--- Input material ---

lemma sort_rank_less_iff:
  assumes "inj_on v {..<k}" "i < k" "j < k"
  shows "sort_rank k v j < sort_rank k v i \<longleftrightarrow> v j < v i"
proof -
  have less: "sort_rank k v j < sort_rank k v i" if "i < k" "j < k" "v j < v i" for i j
  proof -
    have "{l. l < k \<and> v l < v j} \<subset> {l. l < k \<and> v l < v i}"
      using that by auto
    then show ?thesis using that by (simp add: sort_rank_def psubset_card_mono)
  qed
  show ?thesis
  proof
    assume rank_less: "sort_rank k v j < sort_rank k v i"
    show "v j < v i"
    proof (rule ccontr)
      assume "\<not> v j < v i"
      moreover have "i \<noteq> j" using rank_less by auto
      then have "v i \<noteq> v j" using assms inj_onD by fastforce
      ultimately have "sort_rank k v i < sort_rank k v j" using less assms(2,3) by simp
      then show False using rank_less by simp
    qed
  qed (use less assms in blast)
qed

lemma sort_rank_permutes:
  assumes "inj_on v {..<k}"
  shows "sort_rank k v permutes {..<k}"
proof (rule bij_imp_permutes)
  have "inj_on (sort_rank k v) {..<k}"
  proof (rule inj_onI)
    fix i j assume "i \<in> {..<k}" "j \<in> {..<k}" "sort_rank k v i = sort_rank k v j"
    then show "i = j"
      using sort_rank_less_iff[OF assms, of i j] sort_rank_less_iff[OF assms, of j i]
        inj_onD[OF assms, of i j] by (auto simp: linorder_neq_iff)
  qed
  moreover have "sort_rank k v ` {..<k} \<subseteq> {..<k}"
  proof (clarsimp simp: sort_rank_def)
    fix i assume "i < k"
    then have "{j. j < k \<and> v j < v i} \<subset> {..<k}" by auto
    then show "card {j. j < k \<and> v j < v i} < k"
      using psubset_card_mono[of "{..<k}"] by simp
  qed
  ultimately show "bij_betw (sort_rank k v) {..<k} {..<k}"
    by (simp add: bij_betw_def endo_inj_surj)
qed (simp add: sort_rank_def)

lemma card_order_patterns_le_fact:
  fixes V :: "(nat \<Rightarrow> 'a::linorder) set"
  assumes "\<And>v. v \<in> V \<Longrightarrow> inj_on v {..<k}"
  shows "card ((\<lambda>v. {(i, j) \<in> index_pairs k. v j < v i}) ` V) \<le> fact k"
proof -
  define pattern where "pattern \<pi> = {(i, j) \<in> index_pairs k. \<pi> j < \<pi> i}" for \<pi> :: "nat \<Rightarrow> nat"
  have "{(i, j) \<in> index_pairs k. v j < v i} = pattern (sort_rank k v)" if "v \<in> V" for v
    using sort_rank_less_iff[OF assms[OF that]] by (auto simp: pattern_def index_pairs_def)
  then have "(\<lambda>v. {(i, j) \<in> index_pairs k. v j < v i}) ` V = pattern ` sort_rank k ` V"
    unfolding image_image by (rule image_cong[OF refl])
  moreover have ranks: "sort_rank k ` V \<subseteq> {\<pi>. \<pi> permutes {..<k}}"
    using assms sort_rank_permutes by blast
  moreover have perms: "finite {\<pi>. \<pi> permutes {..<k}}" "card {\<pi>. \<pi> permutes {..<k}} = fact k"
    by (simp_all add: finite_permutations card_permutations)
  ultimately have "card ((\<lambda>v. {(i, j) \<in> index_pairs k. v j < v i}) ` V) \<le> card (sort_rank k ` V)"
    using card_image_le finite_subset by metis
  also have "\<dots> \<le> fact k"
    using card_mono[OF perms(1) ranks] perms(2) by simp
  finally show ?thesis .
qed

lemma open_subset_finite_closed_Union_meets_interior:
  fixes U :: "'a::topological_space set set"
  assumes "finite U" "\<And>S. S \<in> U \<Longrightarrow> closed S" "open B" "B \<noteq> {}" "B \<subseteq> \<Union>U"
  shows "\<exists>S\<in>U. interior S \<inter> B \<noteq> {}"
  using assms
proof (induction U arbitrary: B rule: finite_induct)
  case empty
  then show ?case by auto
next
  case (insert S U B)
  show ?case
  proof (cases "B \<subseteq> S")
    case True
    then have "B \<subseteq> interior S" using insert.prems(2) by (simp add: interior_maximal)
    then show ?thesis using insert.prems(3) by blast
  next
    case False
    then have "\<exists>S'\<in>U. interior S' \<inter> (B - S) \<noteq> {}"
      using insert.prems by (intro insert.IH) auto
    then show ?thesis by blast
  qed
qed

lemma connected_eq_single_selection:
  fixes p :: "'a::topological_space \<Rightarrow> 'b::metric_space" and f :: "'i \<Rightarrow> 'a \<Rightarrow> 'b"
  assumes "connected S" "S \<noteq> {}" "finite I" "continuous_on S p"
    "\<And>i. i \<in> I \<Longrightarrow> continuous_on S (f i)"
    "\<And>x. x \<in> S \<Longrightarrow> \<exists>i\<in>I. p x = f i x"
    "\<And>x. x \<in> S \<Longrightarrow> inj_on (\<lambda>i. f i x) I"
  obtains i where "i \<in> I" "\<And>x. x \<in> S \<Longrightarrow> p x = f i x"
proof -
  have closedin_eq: "closedin (top_of_set S) {x \<in> S. p x = f i x}" if "i \<in> I" for i
  proof -
    have "continuous_map (top_of_set S) euclidean p" "continuous_map (top_of_set S) euclidean (f i)"
      using assms(4) assms(5)[OF that] by (simp_all add: continuous_map_iff_continuous)
    then show ?thesis
      using closedin_continuous_maps_eq[of euclidean "top_of_set S" p "f i"] by simp
  qed
  obtain y i0 where "y \<in> S" "i0 \<in> I" "p y = f i0 y" using assms(2,6) by blast
  define E1 where "E1 = {x \<in> S. p x = f i0 x}"
  define E2 where "E2 = (\<Union>i\<in>I - {i0}. {x \<in> S. p x = f i x})"
  have "closedin (top_of_set S) E1" unfolding E1_def using closedin_eq \<open>i0 \<in> I\<close> .
  moreover have "closedin (top_of_set S) E2"
    unfolding E2_def using assms(3) closedin_eq by (intro closedin_Union) auto
  moreover have "E1 \<union> E2 = S" using assms(6) by (auto simp: E1_def E2_def)
  moreover have "E1 \<inter> E2 = {}"
  proof -
    have "f i x \<noteq> f i0 x" if "x \<in> S" "i \<in> I - {i0}" for x i
      using assms(7)[OF that(1)] that(2) \<open>i0 \<in> I\<close> by (auto dest: inj_onD)
    then show ?thesis unfolding E1_def E2_def by fastforce
  qed
  moreover have "E1 \<noteq> {}" using \<open>y \<in> S\<close> \<open>p y = f i0 y\<close> by (auto simp: E1_def)
  ultimately have "E2 = {}" using assms(1) unfolding connected_closedin_eq by metis
  then show ?thesis using \<open>E1 \<union> E2 = S\<close> \<open>i0 \<in> I\<close> by (intro that[of i0]) (auto simp: E1_def)
qed

lemma affine_funE:
  assumes "affine_fun f"
  obtains a b where "\<And>x. f x = inner a x + b"
  using assms unfolding affine_fun_def by blast

lemma affine_fun_const: "affine_fun (\<lambda>x. c)"
  unfolding affine_fun_def by (rule exI[of _ 0]) simp

lemma affine_fun_uminus:
  assumes "affine_fun f"
  shows "affine_fun (\<lambda>x. - f x)"
proof -
  obtain a b where "\<And>x. f x = inner a x + b" using assms affine_funE by blast
  then have "\<And>x. - f x = inner (- a) x + (- b)" by simp
  then show ?thesis unfolding affine_fun_def by blast
qed

lemma affine_fun_diff:
  assumes "affine_fun f" "affine_fun g"
  shows "affine_fun (\<lambda>x. f x - g x)"
proof -
  obtain a b a' b' where "\<And>x. f x = inner a x + b" "\<And>x. g x = inner a' x + b'"
    using assms affine_funE by metis
  then have "\<And>x. f x - g x = inner (a - a') x + (b - b')" by (simp add: inner_diff_left)
  then show ?thesis unfolding affine_fun_def by blast
qed

lemma affine_fun_convex_combination:
  "affine_fun f \<Longrightarrow> f ((1 - u) *\<^sub>R x + u *\<^sub>R y) = (1 - u) * f x + u * f y"
  by (elim affine_funE) (simp add: inner_add_right algebra_simps)

lemma continuous_on_affine_fun: "affine_fun f \<Longrightarrow> continuous_on S f"
  by (elim affine_funE) (simp add: continuous_intros)

lemma affine_fun_superlevel_sets:
  assumes "affine_fun f"
  shows "closed {x. 0 \<le> f x}" "convex {x. 0 \<le> f x}" "convex {x. 0 < f x}"
proof -
  obtain a b where "\<And>x. f x = inner a x + b" using assms affine_funE by blast
  then have "{x. 0 \<le> f x} = {x. inner a x \<ge> - b}" "{x. 0 < f x} = {x. inner a x > - b}"
    by auto
  then show "closed {x. 0 \<le> f x}" "convex {x. 0 \<le> f x}" "convex {x. 0 < f x}"
    by (simp_all add: closed_halfspace_ge convex_halfspace_ge convex_halfspace_gt)
qed

lemma affine_fun_eq_on_open:
  assumes "affine_fun f" "affine_fun g" "open W" "W \<noteq> {}" "\<And>x. x \<in> W \<Longrightarrow> f x = g x"
  shows "f = g"
proof -
  obtain w c where d: "\<And>x. f x - g x = inner w x + c"
    using affine_fun_diff[OF assms(1,2)] affine_funE by blast
  obtain z r where "z \<in> W" "r > 0" "ball z r \<subseteq> W"
    using assms(3,4) open_contains_ball by blast
  have "w = 0"
  proof (rule ccontr)
    assume "w \<noteq> 0"
    define y where "y = z + (r / (2 * norm w)) *\<^sub>R w"
    have "dist z y < r" using \<open>w \<noteq> 0\<close> \<open>r > 0\<close> by (simp add: y_def dist_norm)
    then have "y \<in> W" using \<open>ball z r \<subseteq> W\<close> by auto
    have "inner w y + c = (inner w z + c) + (r / (2 * norm w)) * inner w w"
      by (simp add: y_def inner_add_right algebra_simps)
    moreover have "inner w y + c = 0" "inner w z + c = 0"
      using d assms(5) \<open>y \<in> W\<close> \<open>z \<in> W\<close> by (metis diff_self)+
    ultimately show False using \<open>w \<noteq> 0\<close> \<open>r > 0\<close> by simp
  qed
  then have "c = 0" using d[of z] assms(5) \<open>z \<in> W\<close> by simp
  then show ?thesis using d \<open>w = 0\<close> by (simp add: fun_eq_iff)
qed

section \<open>Hyperplane arrangements\<close>

definition generic_points :: "'q set \<Rightarrow> ('q \<Rightarrow> 'a \<Rightarrow> real) \<Rightarrow> 'a set" where
  "generic_points X h = {x. \<forall>q\<in>X. h q x \<noteq> 0}"

definition sign_pattern :: "'q set \<Rightarrow> ('q \<Rightarrow> 'a \<Rightarrow> real) \<Rightarrow> 'a \<Rightarrow> 'q set" where
  "sign_pattern X h x = {q\<in>X. 0 < h q x}"

definition closed_cell :: "'q set \<Rightarrow> ('q \<Rightarrow> 'a \<Rightarrow> real) \<Rightarrow> 'q set \<Rightarrow> 'a set" where
  "closed_cell X h T = {x. \<forall>q\<in>X. 0 \<le> (if q \<in> T then h q x else - h q x)}"

definition open_cell :: "'q set \<Rightarrow> ('q \<Rightarrow> 'a \<Rightarrow> real) \<Rightarrow> 'q set \<Rightarrow> 'a set" where
  "open_cell X h T = {x. \<forall>q\<in>X. 0 < (if q \<in> T then h q x else - h q x)}"

lemma mem_closed_cell_sign_pattern: "x \<in> closed_cell X h (sign_pattern X h x)"
  by (auto simp: closed_cell_def sign_pattern_def)

lemma mem_open_cell_sign_pattern:
  "x \<in> generic_points X h \<Longrightarrow> x \<in> open_cell X h (sign_pattern X h x)"
  by (auto simp: open_cell_def sign_pattern_def generic_points_def)

lemma open_cell_subset_generic_points: "open_cell X h T \<subseteq> generic_points X h"
  by (auto simp: open_cell_def generic_points_def split: if_splits)

lemma sign_patterns_subset_Pow: "sign_pattern X h ` S \<subseteq> Pow X"
  by (auto simp: sign_pattern_def)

---

The answer must consist of each line from the entries that contains the string "fixes".

▶ Output:
  fixes V :: "(nat \<Rightarrow> 'a::linorder) set"
  fixes U :: "'a::topological_space set set"
  fixes p :: "'a::topological_space \<Rightarrow> 'b::metric_space" and f :: "'i \<Rightarrow> 'a \<Rightarrow> 'b"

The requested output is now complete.